**EXERCISE DIRECTIONS:**
Could you reproduce the lines below from the one with "m \<mu> \<longleftrightarrow>" through the one with "continuous, strictly increasing, zero"? Keep both ends and add nothing.

Start of TASK MATERIAL

(* Let $K\ge 1$ be an integer, $\mathcal{I}=\{1,\dots,K\}$, and let $\lambda_i>0$, $\gamma_{ui}>0$, $\gamma_{di}>0$, $\widetilde{\gamma}_{ui}>0$, $\widetilde{\gamma}_{di}>0$ ($i\in\mathcal{I}$) be given, together with asset proportions $m_i>0$ ($i\in\mathcal{I}$) satisfying $\sum_{i\in\mathcal{I}}m_i<1$. Let $E=\{(l,n)\}\cup\{(hi,n),(hi,o),(li,o): i\in\mathcal{I}\}$. Then there exists a unique function $\mu:E\to[0,\infty)$ (a steady state of the partially segmented market) satisfying, for all $i\in\mathcal{I}$, \[0=-\lambda_i\mu(hi,n)\mu(li,o)+\widetilde{\gamma}_{ui}\mu(l,n)-\widetilde{\gamma}_{di}\mu(hi,n),\] \[0=-\lambda_i\mu(hi,n)\mu(li,o)-\gamma_{ui}\mu(li,o)+\gamma_{di}\mu(hi,o),\] together with the constraints \[\mu(hi,o)+\mu(li,o)=m_i\ \ (i\in\mathcal{I}),\qquad \sum_{i\in\mathcal{I}}m_i+\sum_{i\in\mathcal{I}}\mu(hi,n)+\mu(l,n)=1.\]
   Context: This is the stationary version of the partially segmented over-the-counter market model: $\mu(z)$ is the proportion of investors in state $z\in E$, where $(l,n)$ denotes low liquidity-type investors owning no asset, $(hi,n)$ high-type investors owning no asset and seeking to buy asset $i$, and $(hi,o)$/$(li,o)$ high/low-type investors owning asset $i$. The time-dependent dynamics are $\dot\mu_t(hi,n)=-\lambda_i\mu_t(hi,n)\mu_t(li,o)+\widetilde{\gamma}_{ui}\mu_t(l,n)-\widetilde{\gamma}_{di}\mu_t(hi,n)$ and $\dot\mu_t(li,o)=-\lambda_i\mu_t(hi,n)\mu_t(li,o)-\gamma_{ui}\mu_t(li,o)+\gamma_{di}\mu_t(hi,o)$ under the stated constraints; a steady state is a solution with zero time derivative. *)

theory Defs
  imports "HOL-Analysis.Analysis" "HOL-Library.FuncSet"
begin

text \<open>Investor states: LN = (l,n); HN i = (hi,n); HO i = (hi,o); LO i = (li,o).\<close>
datatype state = LN | HN nat | HO nat | LO nat

definition state_space :: "nat \<Rightarrow> state set" where
  "state_space K = {LN} \<union> HN ` {1..K} \<union> HO ` {1..K} \<union> LO ` {1..K}"

definition is_steady_state ::
  "nat \<Rightarrow> (nat \<Rightarrow> real) \<Rightarrow> (nat \<Rightarrow> real) \<Rightarrow> (nat \<Rightarrow> real) \<Rightarrow> (nat \<Rightarrow> real)
   \<Rightarrow> (nat \<Rightarrow> real) \<Rightarrow> (nat \<Rightarrow> real) \<Rightarrow> (state \<Rightarrow> real) \<Rightarrow> bool" where
  "is_steady_state K lam gu gd gtu gtd m \<mu> \<longleftrightarrow>
     (\<forall>i\<in>{1..K}.
        0 = - lam i * \<mu> (HN i) * \<mu> (LO i) + gtu i * \<mu> LN - gtd i * \<mu> (HN i) \<and>
        0 = - lam i * \<mu> (HN i) * \<mu> (LO i) - gu i * \<mu> (LO i) + gd i * \<mu> (HO i) \<and>
        \<mu> (HO i) + \<mu> (LO i) = m i) \<and>
     (\<Sum>i\<in>{1..K}. m i) + (\<Sum>i\<in>{1..K}. \<mu> (HN i)) + \<mu> LN = 1"

end

theory Submission
  imports Defs "HOL-Library.Quadratic_Discriminant"
begin

text \<open>Fix the mass \<open>x = \<mu>(l,n)\<close>. Then the equations of asset \<open>i\<close> decouple: the second one and
the supply constraint determine \<open>\<mu>(li,o)\<close> as a decreasing function of \<open>h = \<mu>(hi,n)\<close>, and the
first one says that the outflow \<open>F\<^sub>i(h)\<close> of buyers of asset \<open>i\<close> equals their inflow, which is
proportional to \<open>x\<close>. The outflow vanishes at \<open>0\<close> and is strictly increasing on \<open>[0,\<infinity>)\<close>;
clearing its denominator turns the balance into a quadratic equation in \<open>h\<close>, whose nonnegative
root \<open>h\<^sub>i(x)\<close> depends continuously and monotonically on \<open>x\<close>. Steady states thus correspond
exactly to the solutions \<open>x \<ge> 0\<close> of \<open>x + \<Sum>\<^sub>i h\<^sub>i(x) = 1 - \<Sum>\<^sub>i m\<^sub>i\<close>; the left-hand side is
continuous, strictly increasing, zero at \<open>0\<close> and at least \<open>x\<close>, so there is exactly one.\<close>

definition quadratic_pos_root :: "real \<Rightarrow> real \<Rightarrow> real \<Rightarrow> real" where
  "quadratic_pos_root a b c = (- b + sqrt (discrim a b c)) / (2 * a)"

lemma quadratic_pos_root:
  assumes "a > 0" "c \<le> 0"
  shows "0 \<le> quadratic_pos_root a b c"
    and "a * (quadratic_pos_root a b c)\<^sup>2 + b * quadratic_pos_root a b c + c = 0"
proof -
  have "b\<^sup>2 \<le> discrim a b c"
    using assms by (simp add: discrim_def mult_nonneg_nonpos)
  then have "\<bar>b\<bar> \<le> sqrt (discrim a b c)"
    using real_sqrt_le_mono by fastforce
  then show "0 \<le> quadratic_pos_root a b c"
    using assms(1) by (simp add: quadratic_pos_root_def)
  have "0 \<le> discrim a b c"
    using \<open>b\<^sup>2 \<le> discrim a b c\<close> zero_le_power2 order_trans by blast
  then show "a * (quadratic_pos_root a b c)\<^sup>2 + b * quadratic_pos_root a b c + c = 0"
    using discriminant_nonneg[of a b c "quadratic_pos_root a b c"] assms(1)
    by (simp add: quadratic_pos_root_def)
qed

lemma strict_mono_on_ex1_eq:
  fixes f :: "real \<Rightarrow> real"
  assumes "strict_mono_on {a..} f" "continuous_on {a..} f" "f a \<le> y" "a \<le> b" "y \<le> f b"
  shows "\<exists>!x. a \<le> x \<and> f x = y"
proof -
  have "continuous_on {a..b} f"
    using assms(2) by (rule continuous_on_subset) auto
  then obtain x where "a \<le> x" "f x = y"
    using IVT'[of f a y b] assms(3-5) by blast
  moreover have "x' = x" if "a \<le> x'" "f x' = y" for x'
    using strict_mono_on_eqD[OF assms(1)] \<open>a \<le> x\<close> \<open>f x = y\<close> that by fastforce
  ultimately show ?thesis
    by blast
qed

End of TASK MATERIAL

**REPLY:**
  "is_steady_state K lam gu gd gtu gtd m \<mu> \<longleftrightarrow>
     (\<forall>i\<in>{1..K}.
        0 = - lam i * \<mu> (HN i) * \<mu> (LO i) + gtu i * \<mu> LN - gtd i * \<mu> (HN i) \<and>
        0 = - lam i * \<mu> (HN i) * \<mu> (LO i) - gu i * \<mu> (LO i) + gd i * \<mu> (HO i) \<and>
        \<mu> (HO i) + \<mu> (LO i) = m i) \<and>
     (\<Sum>i\<in>{1..K}. m i) + (\<Sum>i\<in>{1..K}. \<mu> (HN i)) + \<mu> LN = 1"

end

theory Submission
  imports Defs "HOL-Library.Quadratic_Discriminant"
begin

text \<open>Fix the mass \<open>x = \<mu>(l,n)\<close>. Then the equations of asset \<open>i\<close> decouple: the second one and
the supply constraint determine \<open>\<mu>(li,o)\<close> as a decreasing function of \<open>h = \<mu>(hi,n)\<close>, and the
first one says that the outflow \<open>F\<^sub>i(h)\<close> of buyers of asset \<open>i\<close> equals their inflow, which is
proportional to \<open>x\<close>. The outflow vanishes at \<open>0\<close> and is strictly increasing on \<open>[0,\<infinity>)\<close>;
clearing its denominator turns the balance into a quadratic equation in \<open>h\<close>, whose nonnegative
root \<open>h\<^sub>i(x)\<close> depends continuously and monotonically on \<open>x\<close>. Steady states thus correspond
exactly to the solutions \<open>x \<ge> 0\<close> of \<open>x + \<Sum>\<^sub>i h\<^sub>i(x) = 1 - \<Sum>\<^sub>i m\<^sub>i\<close>; the left-hand side is
continuous, strictly increasing, zero at \<open>0\<close> and at least \<open>x\<close>, so there is exactly one.\<close>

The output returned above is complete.